Algometry with a clothes peg compared to an electronic pressure algometer: a randomized cross-sectional study in pain patients

The study protocol was approved by the local ethics committee.

At the Bern University Hospital 170 consecutive in-patients suffering from pain were asked to participate, 157 of them consented to participate in the algometric study.

Our aim was to explore the two test methods in a wide range of pain types. Therefore, we recruited patients in different clinical departments, i.e. the orthopaedic department (orthopaedic pain group) and the medical-psychosomatic department (medical-psychosomatic pain group). Eligibility criterion was an acute or chronic pain condition as the primary clinical problem. Patients with pain disorders of neuropathic origin (e.g. peripheral neuropathy or radiation syndromes) were not included because of expected inhomogeneous peripheral pain sensitivity condition. We also excluded patients with craniocerebral trauma and those with an inflamed or traumatised algometric measuring site (e.g. infected ear lobe, broken hand).

In order to determine the correlation between the algometric methods, the tests were performed using a randomized cross-sectional design. Moreover, both tests were carried out during the same session. The order of the tests was individually determined by flipping a coin.

To compare test-retest reliability (repeatability) of the two methods, clothes peg test and pressure algometry were repeated in a consecutive subgroup of chronic patients of the medical-psychosomatic department with pain duration of more than 6 months. Patients needed to stay in the hospital for at least 7 days to qualify for repeatability analysis. The retest assessments were performed exactly the same way as the previous test session, i.e. at the same time of the day, under identical conditions, and by the same tester.
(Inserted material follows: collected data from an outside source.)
(* Let $d\in\mathbb{N}$ and let $p:\mathbb{Z}^d\to[0,1)$ satisfy $\sum_{x}p(x)=1$, $p(x)=0$ for $|x|>M$ for some $M<\infty$, and the strong aperiodicity property: for every $u\in\mathbb{Z}^d$ the smallest additive subgroup of $\mathbb{Z}^d$ containing $\{u+x:p(x)>0\}$ is $\mathbb{Z}^d$. Write $p(x,y)=p(y-x)$ and let $m_p=\sum_{x\in\mathbb{Z}^d}x\,p(x)\in\mathbb{R}^d$. Let $\{\xi_t(x)\}_{t\in\mathbb{Z},x\in\mathbb{Z}^d}$ be i.i.d. real random variables with mean $0$ and finite variance. For each $n$ let $h^n_t=\{h^n_t(x)\}_{x\in\mathbb{Z}^d}$, $t\in\mathbb{Z}_+$, be a harness process, i.e. $h^n_{t+1}(x)=\sum_{y}p(x,y)h^n_t(y)+\xi_{t+1}(x)$ with $\{\xi_{s}\}_{s\ge 1}$ independent of $h^n_0$. Let $u_0:\mathbb{R}^d\to\mathbb{R}$ be continuous and define $u(t,x)=u_0(x+t m_p)$. Assume that for all $\varepsilon>0$ and $R<\infty$, \[\lim_{n\to\infty}\mathbf{P}\Bigl\{\sup_{x\in\mathbb{R}^d:|x|\le R}\bigl|n^{-1}h^n_0(\lfloor nx\rfloor)-u_0(x)\bigr|\ge\varepsilon\Bigr\}=0.\] Then for all $\varepsilon>0$ and $(t,x)\in\mathbb{R}_+\times\mathbb{R}^d$, \[\lim_{n\to\infty}\mathbf{P}\bigl\{\bigl|n^{-1}h^n_{\lfloor nt\rfloor}(\lfloor nx\rfloor)-u(t,x)\bigr|\ge\varepsilon\bigr\}=0.\]
   Context: $\lfloor nx\rfloor$ for $x\in\mathbb{R}^d$ denotes the componentwise integer part. $\mathbf{P}$ denotes the probability measure of the processes. *)

theory Defs
  imports "HOL-Probability.Probability"
begin

definition of_int_vec :: "int ^ 'd \<Rightarrow> real ^ 'd" where
  "of_int_vec x = (\<chi> i. real_of_int (x $ i))"

definition floor_vec :: "nat \<Rightarrow> real ^ 'd \<Rightarrow> int ^ 'd" where
  "floor_vec n x = (\<chi> i. \<lfloor>real n * x $ i\<rfloor>)"

definition add_subgroup_gen :: "'a::ab_group_add set \<Rightarrow> 'a set" where
  "add_subgroup_gen S = \<Inter>{G. S \<subseteq> G \<and> 0 \<in> G \<and> (\<forall>a\<in>G. \<forall>b\<in>G. a - b \<in> G)}"

definition mean_drift :: "(int ^ 'd \<Rightarrow> real) \<Rightarrow> real ^ 'd" where
  "mean_drift p = (\<Sum>x\<in>{x. p x \<noteq> 0}. p x *\<^sub>R of_int_vec x)"

definition gen_sigma :: "'w measure \<Rightarrow> ('i \<Rightarrow> 'w \<Rightarrow> real) \<Rightarrow> 'i set \<Rightarrow> 'w set set" where
  "gen_sigma M X I = sigma_sets (space M) (\<Union>i\<in>I. {X i -` B \<inter> space M | B. B \<in> sets borel})"

end

theory Submission
  imports Defs
begin

text \<open>
  Write \<open>P f x = \<Sum>\<^sub>w p w * f (x + w)\<close> for the averaging operator of the harness, so that
  \<open>h\<^sub>k = P\<^sup>k h\<^sub>0 + D\<^sub>k\<close> where the noise part \<open>D\<^sub>k\<close> is a linear combination of the \<open>\<xi>\<^sub>s(y)\<close>, \<open>s \<le> k\<close>.
  The \<open>\<xi>\<close> are orthogonal in \<open>L\<^sup>2\<close> and \<open>(P f)\<^sup>2 \<le> P (f\<^sup>2)\<close>, hence \<open>E D\<^sub>k(x)\<^sup>2 \<le> k \<sigma>\<^sup>2\<close>; at times
  \<open>k \<approx> n t\<close> Chebyshev's inequality makes \<open>D\<^sub>k / n\<close> small in probability.

  The deterministic part is handled by positivity of \<open>P\<close>: near the region reachable in \<open>k\<close>
  steps, \<open>|h\<^sub>0(y)/n - u\<^sub>0(c)|\<close> is dominated by the initial error plus \<open>\<eta> + K |y - n c|\<^sup>2\<close>
  (uniform continuity and boundedness of \<open>u\<^sub>0\<close> on a ball), and \<open>P\<^sup>k\<close> maps \<open>|y - a|\<^sup>2\<close> to
  \<open>|x + k m\<^sub>p - a|\<^sup>2 + k V\<close>. With \<open>c = x + t m\<^sub>p\<close> and \<open>K = O(1/n\<^sup>2)\<close> the quadratic term is \<open>O(1/n)\<close>.
\<close>

section \<open>The averaging operator\<close>

definition trans_op :: "('a::ab_group_add \<Rightarrow> real) \<Rightarrow> 'a set \<Rightarrow> ('a \<Rightarrow> real) \<Rightarrow> 'a \<Rightarrow> real" where
  "trans_op p S f x = (\<Sum>w\<in>S. p w * f (x + w))"

definition step_mean :: "(int ^ 'd \<Rightarrow> real) \<Rightarrow> (int ^ 'd) set \<Rightarrow> real ^ 'd" where
  "step_mean p S = (\<Sum>w\<in>S. p w *\<^sub>R of_int_vec w)"

definition step_var :: "(int ^ 'd \<Rightarrow> real) \<Rightarrow> (int ^ 'd) set \<Rightarrow> real" where
  "step_var p S = (\<Sum>w\<in>S. p w * (norm (of_int_vec w - step_mean p S))\<^sup>2)"

lemma of_int_vec_add: "of_int_vec (a + b) = of_int_vec a + of_int_vec b"
  by (simp add: of_int_vec_def vec_eq_iff)

lemma trans_op_add: "trans_op p S (\<lambda>y. f y + g y) = (\<lambda>x. trans_op p S f x + trans_op p S g x)"
  by (auto simp: trans_op_def sum.distrib distrib_left)

lemma trans_op_scale: "trans_op p S (\<lambda>y. c * f y) = (\<lambda>x. c * trans_op p S f x)"
  by (auto simp: trans_op_def sum_distrib_left mult_ac)

lemma trans_op_const: "sum p S = 1 \<Longrightarrow> trans_op p S (\<lambda>y. c) = (\<lambda>x. c)"
  by (auto simp: trans_op_def simp flip: sum_distrib_right)

lemma trans_iter_add:
  "(trans_op p S ^^ k) (\<lambda>y. f y + g y) = (\<lambda>x. (trans_op p S ^^ k) f x + (trans_op p S ^^ k) g x)"
  by (induction k) (simp_all add: trans_op_add)

lemma trans_iter_scale: "(trans_op p S ^^ k) (\<lambda>y. c * f y) = (\<lambda>x. c * (trans_op p S ^^ k) f x)"
  by (induction k) (simp_all add: trans_op_scale)

lemma trans_iter_const: "sum p S = 1 \<Longrightarrow> (trans_op p S ^^ k) (\<lambda>y. c) = (\<lambda>x. c)"
  by (induction k) (simp_all add: trans_op_const)

lemma trans_iter_Suc_apply:
  "(trans_op p S ^^ Suc k) f x = (\<Sum>w\<in>S. p w * (trans_op p S ^^ k) f (x + w))"
  by (simp add: trans_op_def)

lemma sum_kernel_eq_trans_op:
  "(\<Sum>y\<in>{y. p (y - x) \<noteq> 0}. p (y - x) * f y) = trans_op p {w. p w \<noteq> 0} f x"
  unfolding trans_op_def
  by (rule sum.reindex_bij_witness[where i="\<lambda>w. x + w" and j="\<lambda>y. y - x"]) auto

lemma trans_iter_mono_local:
  fixes f g :: "int ^ 'd \<Rightarrow> real"
  assumes pos: "\<And>w. w \<in> S \<Longrightarrow> 0 \<le> p w"
    and bd: "\<And>w. w \<in> S \<Longrightarrow> norm (of_int_vec w) \<le> Mb"
    and le: "\<And>y. norm (of_int_vec y - of_int_vec x) \<le> real k * Mb \<Longrightarrow> f y \<le> g y"
  shows "(trans_op p S ^^ k) f x \<le> (trans_op p S ^^ k) g x"
  using le
proof (induction k arbitrary: x)
  case 0
  then show ?case by simp
next
  case (Suc k)
  have "(trans_op p S ^^ k) f (x + w) \<le> (trans_op p S ^^ k) g (x + w)" if w: "w \<in> S" for w
  proof (rule Suc.IH)
    fix y assume "norm (of_int_vec y - of_int_vec (x + w)) \<le> real k * Mb"
    moreover have "norm (of_int_vec y - of_int_vec x)
        \<le> norm (of_int_vec y - of_int_vec (x + w)) + norm (of_int_vec w)"
      using norm_triangle_ineq[of "of_int_vec y - of_int_vec (x + w)" "of_int_vec w"]
      by (simp add: of_int_vec_add algebra_simps)
    ultimately have "norm (of_int_vec y - of_int_vec x) \<le> real (Suc k) * Mb"
      using bd[OF w] by (simp add: algebra_simps)
    then show "f y \<le> g y" using Suc.prems by blast
  qed
  then show ?case
    unfolding trans_iter_Suc_apply by (intro sum_mono mult_left_mono) (auto intro: pos)
qed

lemma weighted_norm_sq_add_centered:
  fixes v :: "'a \<Rightarrow> 'b::real_inner"
  assumes "sum p S = 1"
  shows "(\<Sum>w\<in>S. p w * (norm (a + (v w - (\<Sum>u\<in>S. p u *\<^sub>R v u))))\<^sup>2)
       = (norm a)\<^sup>2 + (\<Sum>w\<in>S. p w * (norm (v w - (\<Sum>u\<in>S. p u *\<^sub>R v u)))\<^sup>2)"
proof -
  define m where "m = (\<Sum>u\<in>S. p u *\<^sub>R v u)"
  have "(\<Sum>w\<in>S. p w * (a \<bullet> (v w - m))) = a \<bullet> (\<Sum>w\<in>S. p w *\<^sub>R (v w - m))"
    by (simp add: inner_sum_right)
  also have "(\<Sum>w\<in>S. p w *\<^sub>R (v w - m)) = 0"
    by (simp add: scaleR_diff_right sum_subtractf m_def assms flip: scaleR_sum_left)
  finally have centered: "(\<Sum>w\<in>S. p w * (a \<bullet> (v w - m))) = 0"
    by simp
  have "p w * (norm (a + (v w - m)))\<^sup>2
      = p w * (norm a)\<^sup>2 + 2 * (p w * (a \<bullet> (v w - m))) + p w * (norm (v w - m))\<^sup>2" for w
    by (simp add: power2_norm_eq_inner inner_add algebra_simps inner_commute)
  then show ?thesis
    unfolding m_def[symmetric]
    by (simp add: sum.distrib centered assms flip: sum_distrib_left sum_distrib_right)
qed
To assess the psychological status of the patients, they were asked to fill in a self-rating test each time they underwent pain testing. We applied the validated German Version of the depression subscale of the Hospital Anxiety and Depression Scale (HADS-D), which is designed to rate symptoms and levels of depression in non-psychiatric populations [8]. Total HADS-D scores (range 0-21) were interpreted either as clinically relevant or clinically not relevant according to a cut-off-value of ≥ 9 for clinically relevant depression [9].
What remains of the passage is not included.